- Next year is forecast to be one of the hottest on record.
- Average temperatures next year will be about 1.2C above what they were before humans started to drive climate change.
- Predictions have been made by the UK Met Office.
If correct, it would be the 10th year in a row to see global average temperatures reach at least 1C above what they were in pre-industrial times, measured as the period 1850-1900.
El Nino Effect
The current hottest year in records dating back to 1850 is 2016, a year that saw an ‘El Niño’ climate pattern in the Pacific which pushes up global temperatures on top of global warming trends.
Prof Adam Scaife, head of long range predictions at the Met Office, said: “Without a preceding El Niño to boost global temperature, 2023 may not be a record-breaking year, but with the background increase in global greenhouse gas emissions…”
The Met Office’s Dr Nick Dunstone, who has led the 2023 global temperature forecast, said: “The global temperature over the last three years has been influenced by the effect of a prolonged La Nina – where cooler than average sea-surface temperatures occur in the tropical Pacific. “La Nina has a temporary cooling effect on global average temperature.”
Warmer Than 2022
For next year our climate model is indicating an end to the three consecutive years with La Nina state, with a return to relative warmer conditions in parts of the tropical Pacific.
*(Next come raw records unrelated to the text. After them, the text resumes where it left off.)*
text \<open>Ties have probability zero, so the event that the decoder picks \<open>y\<close> is squeezed between
  two boxes of equal measure, one with strict and one with non-strict thresholds. The constant
  factor \<open>c\<close> spares the measurability side condition of \<open>nn_integral_cmult\<close>.\<close>

lemma nn_integral_decoder_section:
  fixes mu :: "nat pmf" and i N :: nat
  assumes supp: "set_pmf mu \<subseteq> {0..<N}" and y: "0 < pmf mu y" and s: "0 < s" "s \<le> 1"
  defines "q \<equiv> pmf mu y" and "K \<equiv> {i} \<times> ({0..<N} - {y})"
  shows "(\<integral>\<^sup>+x. c * indicator {x. decoder N (\<lambda>t. x (i, t)) (pmf mu) = y} (x((i, y) := s))
           \<partial>Pi\<^sub>M K (\<lambda>_. uniform01)) = c * ennreal (s powr ((1 - q) / q))"
proof -
  have "y \<in> set_pmf mu"
    using y by (simp add: set_pmf_iff)
  then have "y < N"
    using supp by auto
  define D where "D = {x. decoder N (\<lambda>t. x (i, t)) (pmf mu) = y}"
  define thr where "thr c = s powr (pmf mu (snd c) / q)" for c :: "nat \<times> nat"
  define Lo :: "nat \<times> nat \<Rightarrow> real set" where "Lo c = (if pmf mu (snd c) = 0 then UNIV else {..<thr c})" for c
  define Hi :: "nat \<times> nat \<Rightarrow> real set" where "Hi c = (if pmf mu (snd c) = 0 then UNIV else {..thr c})" for c
  have pmf_pos_iff: "0 < pmf mu j \<longleftrightarrow> pmf mu j \<noteq> 0" for j
    using pmf_nonneg[of mu j] by linarith
  have thr: "0 \<le> thr c" "thr c \<le> 1" for c
    using s y by (auto simp: thr_def q_def intro!: powr_le1)
  have prod_thr: "(\<Prod>c\<in>K. thr c) = s powr ((1 - q) / q)"
    unfolding K_def thr_def q_def by (rule prod_powr_pmf_others[OF supp \<open>y < N\<close> s(1)])
  have box: "emeasure (Pi\<^sub>M K (\<lambda>_. uniform01)) (Pi\<^sub>E K Lo) = ennreal (s powr ((1 - q) / q))"
    "emeasure (Pi\<^sub>M K (\<lambda>_. uniform01)) (Pi\<^sub>E K Hi) = ennreal (s powr ((1 - q) / q))"
    unfolding prod_thr[symmetric] using thr s
    by (auto simp: K_def Lo_def Hi_def emeasure_uniform01_lessThan emeasure_uniform01_atMost
        emeasure_uniform01_UNIV thr_def simp del: emeasure_uniform_measure
        intro!: emeasure_PiM_uniform01_PiE)
  have lo: "x((i, y) := s) \<in> D" if x: "x \<in> Pi\<^sub>E K Lo" for x
  proof -
    have "x (i, j) < thr (i, j)" if "j < N" "j \<noteq> y" "0 < pmf mu j" for j
      using PiE_mem[OF x, of "(i, j)"] that by (simp add: K_def Lo_def)
    then show ?thesis
      unfolding D_def using s y \<open>y < N\<close> by (auto simp: thr_def q_def intro!: decoder_eq_if_less_powr)
  qed
  have hi: "x \<in> Pi\<^sub>E K Hi" if x: "x \<in> space (Pi\<^sub>M K (\<lambda>_. uniform01))" "x((i, y) := s) \<in> D" for x
  proof -
    have "x (i, j) \<le> thr (i, j)" if "j < N" "j \<noteq> y" "0 < pmf mu j" for j
      using le_powr_if_decoder_eq[of N "\<lambda>t. (x((i, y) := s)) (i, t)" "pmf mu" y j] x(2) that s y
      by (simp add: D_def thr_def q_def)
    then show ?thesis
      using x(1) by (auto simp: space_PiM PiE_iff K_def Hi_def pmf_pos_iff)
  qed
  have "(\<integral>\<^sup>+x. c * indicator {x. x((i, y) := s) \<in> D} x \<partial>Pi\<^sub>M K (\<lambda>_. uniform01)) = c * ennreal (s powr ((1 - q) / q))"
    using lo hi box
    by (intro nn_integral_cmult_indicator_squeeze[where A = "Pi\<^sub>E K Lo" and B = "Pi\<^sub>E K Hi"])
      (auto simp: K_def Lo_def Hi_def intro!: sets_PiM_I_finite)
  then show ?thesis
    by (simp add: D_def indicator_def)
qed
lemma central_if_unique_lift:
  assumes e: "e \<in> Idems R" and uniq: "\<And>f. f \<in> Idems R \<Longrightarrow> e \<ominus> f \<in> I \<Longrightarrow> f = e"
    and square_zero: "\<And>a. a \<in> carrier R \<Longrightarrow> a \<otimes> a = \<zero> \<Longrightarrow> a \<in> I"
  shows "central R e"
  unfolding central_def
proof
  fix r assume r: "r \<in> carrier R"
  have ec: "e \<in> carrier R" using e by (simp add: Idems_def)
  have corner_zero: "a = \<zero>"
    if a: "a \<in> carrier R" and corner: "e \<otimes> a = a \<and> a \<otimes> e = \<zero> \<or> e \<otimes> a = \<zero> \<and> a \<otimes> e = a" for a
  proof (rule square_zero_eq_zero_if_unique_lift[OF e uniq])
    show "a \<otimes> a = \<zero>" using corner_square_zero[OF a ec corner] .
    then show "a \<in> I" using square_zero a by blast
    show "e \<otimes> a \<oplus> a \<otimes> e = a" using corner a ec by auto
  qed
  have "e \<otimes> r \<ominus> e \<otimes> r \<otimes> e = \<zero>"
    using ec r idem_corner_mult(1,2)[OF e r] by (intro corner_zero) simp_all
  then have left: "e \<otimes> r = e \<otimes> r \<otimes> e" using ec r by (simp add: diff_eq_zero_iff)
  have "r \<otimes> e \<ominus> e \<otimes> r \<otimes> e = \<zero>"
    using ec r idem_corner_mult(3,4)[OF e r] by (intro corner_zero) simp_all
  then have right: "r \<otimes> e = e \<otimes> r \<otimes> e" using ec r by (simp add: diff_eq_zero_iff)
  show "e \<otimes> r = r \<otimes> e" using trans[OF left right[symmetric]] .
qed

lemma idem_eq_central_idem_if_weak_cong:
  assumes e: "e \<in> Idems R" and g: "g \<in> Idems R" and "central R g"
    and free: "idempotent_free R I" and eg: "e \<ominus> g \<in> I \<or> e \<oplus> g \<in> I"
  shows "e = g"
proof -
  have ec: "e \<in> carrier R" and gc: "g \<in> carrier R" using e g by (simp_all add: Idems_def)
  have comm: "e \<otimes> g = g \<otimes> e" using \<open>central R g\<close> ec by (simp add: central_def)
  have zero: "p = \<zero>" if "p \<in> I" "p \<in> Idems R" for p
    using that free by (simp add: idempotent_free_def Idems_def)
  have "e \<ominus> e \<otimes> g = \<zero>"
    using zero diff_mult_mem_if_weak_cong[OF ec g eg] idem_diff_mult_idem[OF e g comm] by blast
  then have e_eq: "e = e \<otimes> g" using ec gc by (simp add: diff_eq_zero_iff)
  have "g \<ominus> g \<otimes> e = \<zero>"
    using zero diff_mult_mem_if_weak_cong[OF gc e weak_cong_sym[OF ec gc eg]]
      idem_diff_mult_idem[OF g e comm[symmetric]] by blast
  then have "g = g \<otimes> e" using ec gc by (simp add: diff_eq_zero_iff)
  with e_eq comm show ?thesis by simp
qed
lemma sdist_bounds:
  fixes a b :: "'a::euclidean_space"
  assumes "norm a = 1" "norm b = 1"
  shows "0 \<le> sdist a b" "sdist a b \<le> pi"
  using inner_unit_bounds[OF assms] by (auto simp: sdist_def arccos_lbound arccos_ubound)

lemma sdist_uminus_left:
  fixes a b :: "'a::euclidean_space"
  assumes "norm a = 1" "norm b = 1"
  shows "sdist (- a) b = pi - sdist a b"
  using inner_unit_bounds[OF assms] by (simp add: sdist_def arccos_minus)

lemma norm_diff_unit_sq:
  fixes a b :: "'a::euclidean_space"
  assumes "norm a = 1" "norm b = 1"
  shows "norm (a - b)^2 = 2 - 2 * (a \<bullet> b)"
proof -
  have "norm (a - b)^2 = a \<bullet> a - 2 * (a \<bullet> b) + b \<bullet> b"
    unfolding power2_norm_eq_inner by (simp add: inner_diff_left inner_diff_right inner_commute)
  then show ?thesis using assms by (simp add: dot_square_norm)
qed

lemma sdist_eq_0_iff:
  fixes a b :: "'a::euclidean_space"
  assumes "norm a = 1" "norm b = 1"
  shows "sdist a b = 0 \<longleftrightarrow> a = b"
  using inner_unit_bounds[OF assms] norm_diff_unit_sq[OF assms] assms
  by (auto simp: sdist_def arccos_eq_0_iff)

lemma norm_orthogonal_part_unit:
  fixes a b :: "'a::euclidean_space"
  assumes "norm a = 1" "norm b = 1"
  shows "norm (a - (a \<bullet> b) *\<^sub>R b) = sqrt (1 - (a \<bullet> b)^2)"
proof -
  have "norm (a - (a \<bullet> b) *\<^sub>R b)^2 = a \<bullet> a - 2 * (a \<bullet> b) * (a \<bullet> b) + (a \<bullet> b)^2 * (b \<bullet> b)"
    unfolding power2_norm_eq_inner
    by (simp add: inner_diff_left inner_diff_right inner_commute algebra_simps power2_eq_square)
  also have "\<dots> = 1 - (a \<bullet> b)^2"
    using assms by (simp add: dot_square_norm power2_eq_square)
  finally show ?thesis by (metis norm_ge_zero real_sqrt_unique)
qed

lemma sdist_triangle:
  fixes a b c :: "'a::euclidean_space"
  assumes a: "norm a = 1" and b: "norm b = 1" and c: "norm c = 1"
  shows "sdist a c \<le> sdist a b + sdist b c"
proof (cases "sdist a b + sdist b c \<le> pi")
  case False
  then show ?thesis using sdist_bounds[OF a c] by linarith
next
  case True
  define \<alpha> \<beta> where "\<alpha> = sdist a b" and "\<beta> = sdist b c"
  have cos: "cos \<alpha> = a \<bullet> b" "cos \<beta> = b \<bullet> c"
    using inner_unit_bounds[OF a b] inner_unit_bounds[OF b c]
    by (auto simp: \<alpha>_def \<beta>_def sdist_def cos_arccos)
  have sin: "sin \<alpha> = sqrt (1 - (a \<bullet> b)^2)" "sin \<beta> = sqrt (1 - (b \<bullet> c)^2)"
    using inner_unit_bounds[OF a b] inner_unit_bounds[OF b c]
    by (auto simp: \<alpha>_def \<beta>_def sdist_def sin_arccos)
  \<comment> \<open>Cauchy-Schwarz for the components of a and c orthogonal to b yields cos (\<alpha> + \<beta>) \<le> a \<bullet> c.\<close>
  have "(a - (a \<bullet> b) *\<^sub>R b) \<bullet> (c - (c \<bullet> b) *\<^sub>R b)
      = a \<bullet> c - (a \<bullet> b) * (b \<bullet> c) - (a \<bullet> b) * (b \<bullet> c) + (a \<bullet> b) * (b \<bullet> c) * (b \<bullet> b)"
    by (simp add: inner_diff_left inner_diff_right inner_commute algebra_simps)
  also have "\<dots> = a \<bullet> c - (a \<bullet> b) * (b \<bullet> c)"
    using b by (simp add: dot_square_norm)
  finally have "\<bar>a \<bullet> c - (a \<bullet> b) * (b \<bullet> c)\<bar> \<le> sin \<alpha> * sin \<beta>"
    using Cauchy_Schwarz_ineq2[of "a - (a \<bullet> b) *\<^sub>R b" "c - (c \<bullet> b) *\<^sub>R b"] sin
      norm_orthogonal_part_unit[OF a b] norm_orthogonal_part_unit[OF c b]
    by (simp add: inner_commute[of c b])
  then have "cos (\<alpha> + \<beta>) \<le> a \<bullet> c" by (simp add: cos_add cos)
  then have "arccos (a \<bullet> c) \<le> arccos (cos (\<alpha> + \<beta>))"
    using inner_unit_bounds[OF a c] by (intro arccos_le_arccos) auto
  also have "arccos (cos (\<alpha> + \<beta>)) = \<alpha> + \<beta>"
    using True sdist_bounds[OF a b] sdist_bounds[OF b c] by (intro arccos_cos) (auto simp: \<alpha>_def \<beta>_def)
  finally show ?thesis by (simp add: sdist_def \<alpha>_def \<beta>_def)
qed
lemma pos_semidef_lincomb:
  assumes A: "pos_semidef A" and B: "pos_semidef B" and "0 \<le> a" "0 \<le> b"
  shows "pos_semidef (\<chi> i j. of_real a * A $ i $ j + of_real b * B $ i $ j)"
  unfolding pos_semidef_def quad_form_lincomb
proof (intro conjI allI)
  have "cnj (A $ j $ i) = A $ i $ j" "cnj (B $ j $ i) = B $ i $ j" for i j
    using A B unfolding pos_semidef_def by (simp_all add: hermitian_matD)
  then show "hermitian_mat (\<chi> i j. of_real a * A $ i $ j + of_real b * B $ i $ j)"
    by (simp add: hermitian_mat_def adjoint_mat_def vec_eq_iff)
  show "0 \<le> Re (of_real a * quad_form A \<xi> + of_real b * quad_form B \<xi>)" for \<xi>
    using A B \<open>0 \<le> a\<close> \<open>0 \<le> b\<close> unfolding pos_semidef_def by simp
qed

lemma neg_semidef_neg_mult:
  assumes B: "pos_semidef B" and c: "0 \<le> c"
  shows "neg_semidef (\<chi> i j. - of_real c * B $ i $ j)"
  unfolding neg_semidef_def
proof (intro conjI allI)
  have "cnj (B $ j $ i) = B $ i $ j" for i j
    using B unfolding pos_semidef_def by (simp add: hermitian_matD)
  then show "hermitian_mat (\<chi> i j. - of_real c * B $ i $ j)"
    by (simp add: hermitian_mat_def adjoint_mat_def vec_eq_iff)
  fix \<xi>
  have "quad_form (\<chi> i j. - of_real c * B $ i $ j) \<xi> = - of_real c * quad_form B \<xi>"
    unfolding quad_form_def by (simp add: sum_distrib_left mult_ac)
  then show "Re (quad_form (\<chi> i j. - of_real c * B $ i $ j) \<xi>) \<le> 0"
    using B c unfolding pos_semidef_def by simp
qed

lemma adjoint_difference_quotient:
  fixes c :: real
  assumes A: "hermitian_mat A" and B: "hermitian_mat B" and z: "Im z \<noteq> 0"
  defines "K \<equiv> \<chi> i j. of_real c * (A $ i $ j + cnj z * B $ i $ j)"
  shows "(\<chi> i j. (K $ i $ j - adjoint_mat K $ i $ j) / (z - cnj z)) = (\<chi> i j. - of_real c * B $ i $ j)"
proof -
  have "z - cnj z \<noteq> 0" using z by (simp add: complex_eq_iff)
  moreover have "adjoint_mat K $ i $ j = of_real c * (A $ i $ j + z * B $ i $ j)" for i j
    unfolding K_def adjoint_mat_def using hermitian_matD[OF A] hermitian_matD[OF B] by simp
  ultimately show ?thesis
    unfolding K_def by (simp add: vec_eq_iff field_simps)
qed

lemma open_sets_lebesgue: "open S \<Longrightarrow> S \<in> sets lebesgue"
  by (simp add: borel_open)

lemma open_cellQ1: "open (cellQ1 Q2)"
  unfolding cellQ1_def cellQ_def by auto

lemma square_integrable_vd:
  assumes "H1v U v" shows "square_integrable (lebesgue_on U) (vd U v k i)"
proof -
  have "\<exists>g. L2 U g \<and> weak_partial U (\<lambda>x. v x $ k) i g"
    using assms unfolding H1v_def H1_def by blast
  from someI_ex[OF this] show ?thesis
    unfolding vd_def wd_def L2_iff_square_integrable by blast
qed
This shift is likely to lead to global temperature in 2023 being warmer than 2022.
Dr Doug Smith, a leading Met Office expert in climate prediction, added: “The fact that global average temperatures are at or above 1C for a decade masks the considerable temperature variation across the world.”
Last year, the Met Office predicted 2022’s global temperature would be between 0.97C and 1.21C above pre-industrial levels, with a central estimate of 1.09C.